> Work item
Scan the data, and whenever a line contains "moreover", copy it.

Items from a dataset:
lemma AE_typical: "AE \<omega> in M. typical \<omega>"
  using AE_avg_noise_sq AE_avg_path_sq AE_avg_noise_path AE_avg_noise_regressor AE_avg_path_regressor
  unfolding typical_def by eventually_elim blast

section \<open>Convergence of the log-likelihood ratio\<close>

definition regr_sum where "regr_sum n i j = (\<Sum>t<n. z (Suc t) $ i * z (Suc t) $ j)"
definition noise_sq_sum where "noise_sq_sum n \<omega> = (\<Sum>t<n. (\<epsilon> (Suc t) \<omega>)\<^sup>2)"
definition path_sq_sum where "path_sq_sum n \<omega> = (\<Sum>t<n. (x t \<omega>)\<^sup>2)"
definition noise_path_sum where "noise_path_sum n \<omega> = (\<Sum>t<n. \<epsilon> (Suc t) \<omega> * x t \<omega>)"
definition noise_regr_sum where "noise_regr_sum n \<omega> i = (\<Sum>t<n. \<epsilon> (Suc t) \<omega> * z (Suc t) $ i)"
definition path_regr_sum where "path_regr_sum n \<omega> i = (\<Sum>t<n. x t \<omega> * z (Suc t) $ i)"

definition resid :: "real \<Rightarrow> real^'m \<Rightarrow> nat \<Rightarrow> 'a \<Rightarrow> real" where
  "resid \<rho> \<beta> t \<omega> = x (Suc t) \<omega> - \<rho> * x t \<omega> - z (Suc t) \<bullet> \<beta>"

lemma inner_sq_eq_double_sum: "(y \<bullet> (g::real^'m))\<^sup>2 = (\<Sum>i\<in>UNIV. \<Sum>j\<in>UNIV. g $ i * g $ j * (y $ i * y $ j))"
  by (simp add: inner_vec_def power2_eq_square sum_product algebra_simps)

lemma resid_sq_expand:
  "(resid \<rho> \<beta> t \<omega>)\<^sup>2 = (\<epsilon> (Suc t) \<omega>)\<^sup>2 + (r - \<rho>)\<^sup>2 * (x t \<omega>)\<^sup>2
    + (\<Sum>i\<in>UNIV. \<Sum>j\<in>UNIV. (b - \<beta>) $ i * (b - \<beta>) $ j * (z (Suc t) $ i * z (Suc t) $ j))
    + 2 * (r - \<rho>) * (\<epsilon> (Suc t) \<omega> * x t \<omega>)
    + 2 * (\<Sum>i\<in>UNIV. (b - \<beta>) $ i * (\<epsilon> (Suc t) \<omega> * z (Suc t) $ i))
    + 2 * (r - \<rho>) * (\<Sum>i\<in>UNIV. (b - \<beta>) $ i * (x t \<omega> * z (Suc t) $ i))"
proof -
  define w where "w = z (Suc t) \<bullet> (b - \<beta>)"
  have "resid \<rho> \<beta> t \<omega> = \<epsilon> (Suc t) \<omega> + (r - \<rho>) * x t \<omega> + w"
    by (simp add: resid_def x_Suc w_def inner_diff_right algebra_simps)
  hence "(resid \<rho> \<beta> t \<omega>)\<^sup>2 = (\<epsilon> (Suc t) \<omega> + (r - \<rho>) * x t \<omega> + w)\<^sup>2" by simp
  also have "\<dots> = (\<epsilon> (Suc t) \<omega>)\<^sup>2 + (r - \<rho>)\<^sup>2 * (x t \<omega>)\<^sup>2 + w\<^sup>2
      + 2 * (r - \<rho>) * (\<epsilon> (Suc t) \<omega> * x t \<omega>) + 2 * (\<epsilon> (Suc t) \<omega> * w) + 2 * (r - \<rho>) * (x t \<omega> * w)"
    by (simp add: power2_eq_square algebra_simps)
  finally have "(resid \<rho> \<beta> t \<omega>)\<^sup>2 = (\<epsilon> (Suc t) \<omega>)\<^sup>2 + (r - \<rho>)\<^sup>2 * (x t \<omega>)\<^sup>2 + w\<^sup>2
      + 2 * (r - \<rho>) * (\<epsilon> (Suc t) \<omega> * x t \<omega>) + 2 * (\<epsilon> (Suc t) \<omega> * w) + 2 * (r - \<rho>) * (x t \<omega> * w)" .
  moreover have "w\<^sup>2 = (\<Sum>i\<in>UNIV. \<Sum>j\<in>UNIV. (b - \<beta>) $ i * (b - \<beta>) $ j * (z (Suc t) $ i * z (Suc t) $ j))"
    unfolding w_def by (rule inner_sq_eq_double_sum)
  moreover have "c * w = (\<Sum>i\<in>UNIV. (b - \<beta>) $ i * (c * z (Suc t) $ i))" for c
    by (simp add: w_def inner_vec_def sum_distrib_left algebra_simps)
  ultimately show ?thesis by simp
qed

> Result of this task
  moreover have "w\<^sup>2 = (\<Sum>i\<in>UNIV. \<Sum>j\<in>UNIV. (b - \<beta>) $ i * (b - \<beta>) $ j * (z (Suc t) $ i * z (Suc t) $ j))"
  moreover have "c * w = (\<Sum>i\<in>UNIV. (b - \<beta>) $ i * (c * z (Suc t) $ i))" for c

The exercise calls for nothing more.